**What to do**
Copy out all of the entries, keeping every word the same.

*** Records supplied ***

(* Let $0<s<\frac12$. Let $(\delta_n)_{n\in\mathbb N}$ be a sequence of positive numbers with $\delta_n\to0$; set $\Lambda_n:=1/\delta_n$, let $T_n=L_n(\Lambda_n+1)\delta_n$ with $L_n\in\mathbb N$, and let $u_n$ be a minimizer of $\mathcal F^{T_n}_s$ in $\mathscr A^{T_n,\Lambda_n,\delta_n}$. Then $$\lim_{n\to\infty}\mathcal F^{T_n}_s(u_n)=\frac12\int_0^1\int_{\mathbb R}\frac{|w(x)-w(y)|^2}{|x-y|^{1+2s}}\,dy\,dx,$$ where $w(x):=x-\lfloor x\rfloor$.
   Context: For $\Lambda,\delta>0$ and $T=L(\Lambda+1)\delta$ with $L\in\mathbb N$, the admissible class $\mathscr A^{T,\Lambda,\delta}$ is the set of continuous, $T$-periodic, piecewise affine functions $u:\mathbb R\to\mathbb R$ with $u'\in\{1,-\Lambda\}$ a.e., such that $(u')^{-1}(\{-\Lambda\})=\bigcup_{k\in\mathbb N}I^k$ for some intervals $I^k$ with $|I^k|=\delta$ for all $k$ and $\#(I^i\cap I^j)\le1$ for all $i\ne j$. For $0<s<1$, $$\mathcal F^T_s(u):=\frac1{2T}\int_0^T dx\int_{\mathbb R}\frac{|u(x)-u(y)|^2}{|x-y|^{1+2s}}\,dy.$$ *)

theory Defs
  imports "HOL-Analysis.Analysis"
begin

definition piecewise_affine :: "(real \<Rightarrow> real) \<Rightarrow> bool" where
  "piecewise_affine u \<longleftrightarrow>
     (\<exists>S. (\<forall>a b. finite (S \<inter> {a..b})) \<and>
          (\<forall>x y. x \<le> y \<longrightarrow> {x..y} \<inter> S = {} \<longrightarrow>
              (\<exists>m c. \<forall>t\<in>{x..y}. u t = m * t + c)))"

definition admissible :: "real \<Rightarrow> real \<Rightarrow> real \<Rightarrow> (real \<Rightarrow> real) set" where
  "admissible T \<Lambda> \<delta> = {u.
     continuous_on UNIV u \<and>
     (\<forall>x. u (x + T) = u x) \<and>
     piecewise_affine u \<and>
     (\<exists>I :: nat \<Rightarrow> real set.
        (\<forall>k. is_interval (I k) \<and> emeasure lborel (I k) = ennreal \<delta>) \<and>
        (\<forall>i j. i \<noteq> j \<longrightarrow> finite (I i \<inter> I j) \<and> card (I i \<inter> I j) \<le> 1) \<and>
        (AE x in lborel. (u has_real_derivative
            (if x \<in> (\<Union>k. I k) then - \<Lambda> else 1)) (at x)))}"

*** End of Records supplied ***

**Answer to this exercise**
(* Let $0<s<\frac12$. Let $(\delta_n)_{n\in\mathbb N}$ be a sequence of positive numbers with $\delta_n\to0$; set $\Lambda_n:=1/\delta_n$, let $T_n=L_n(\Lambda_n+1)\delta_n$ with $L_n\in\mathbb N$, and let $u_n$ be a minimizer of $\mathcal F^{T_n}_s$ in $\mathscr A^{T_n,\Lambda_n,\delta_n}$. Then $$\lim_{n\to\infty}\mathcal F^{T_n}_s(u_n)=\frac12\int_0^1\int_{\mathbb R}\frac{|w(x)-w(y)|^2}{|x-y|^{1+2s}}\,dy\,dx,$$ where $w(x):=x-\lfloor x\rfloor$.
   Context: For $\Lambda,\delta>0$ and $T=L(\Lambda+1)\delta$ with $L\in\mathbb N$, the admissible class $\mathscr A^{T,\Lambda,\delta}$ is the set of continuous, $T$-periodic, piecewise affine functions $u:\mathbb R\to\mathbb R$ with $u'\in\{1,-\Lambda\}$ a.e., such that $(u')^{-1}(\{-\Lambda\})=\bigcup_{k\in\mathbb N}I^k$ for some intervals $I^k$ with $|I^k|=\delta$ for all $k$ and $\#(I^i\cap I^j)\le1$ for all $i\ne j$. For $0<s<1$, $$\mathcal F^T_s(u):=\frac1{2T}\int_0^T dx\int_{\mathbb R}\frac{|u(x)-u(y)|^2}{|x-y|^{1+2s}}\,dy.$$ *)

theory Defs
  imports "HOL-Analysis.Analysis"
begin

definition piecewise_affine :: "(real \<Rightarrow> real) \<Rightarrow> bool" where
  "piecewise_affine u \<longleftrightarrow>
     (\<exists>S. (\<forall>a b. finite (S \<inter> {a..b})) \<and>
          (\<forall>x y. x \<le> y \<longrightarrow> {x..y} \<inter> S = {} \<longrightarrow>
              (\<exists>m c. \<forall>t\<in>{x..y}. u t = m * t + c)))"

definition admissible :: "real \<Rightarrow> real \<Rightarrow> real \<Rightarrow> (real \<Rightarrow> real) set" where
  "admissible T \<Lambda> \<delta> = {u.
     continuous_on UNIV u \<and>
     (\<forall>x. u (x + T) = u x) \<and>
     piecewise_affine u \<and>
     (\<exists>I :: nat \<Rightarrow> real set.
        (\<forall>k. is_interval (I k) \<and> emeasure lborel (I k) = ennreal \<delta>) \<and>
        (\<forall>i j. i \<noteq> j \<longrightarrow> finite (I i \<inter> I j) \<and> card (I i \<inter> I j) \<le> 1) \<and>
        (AE x in lborel. (u has_real_derivative
            (if x \<in> (\<Union>k. I k) then - \<Lambda> else 1)) (at x)))}"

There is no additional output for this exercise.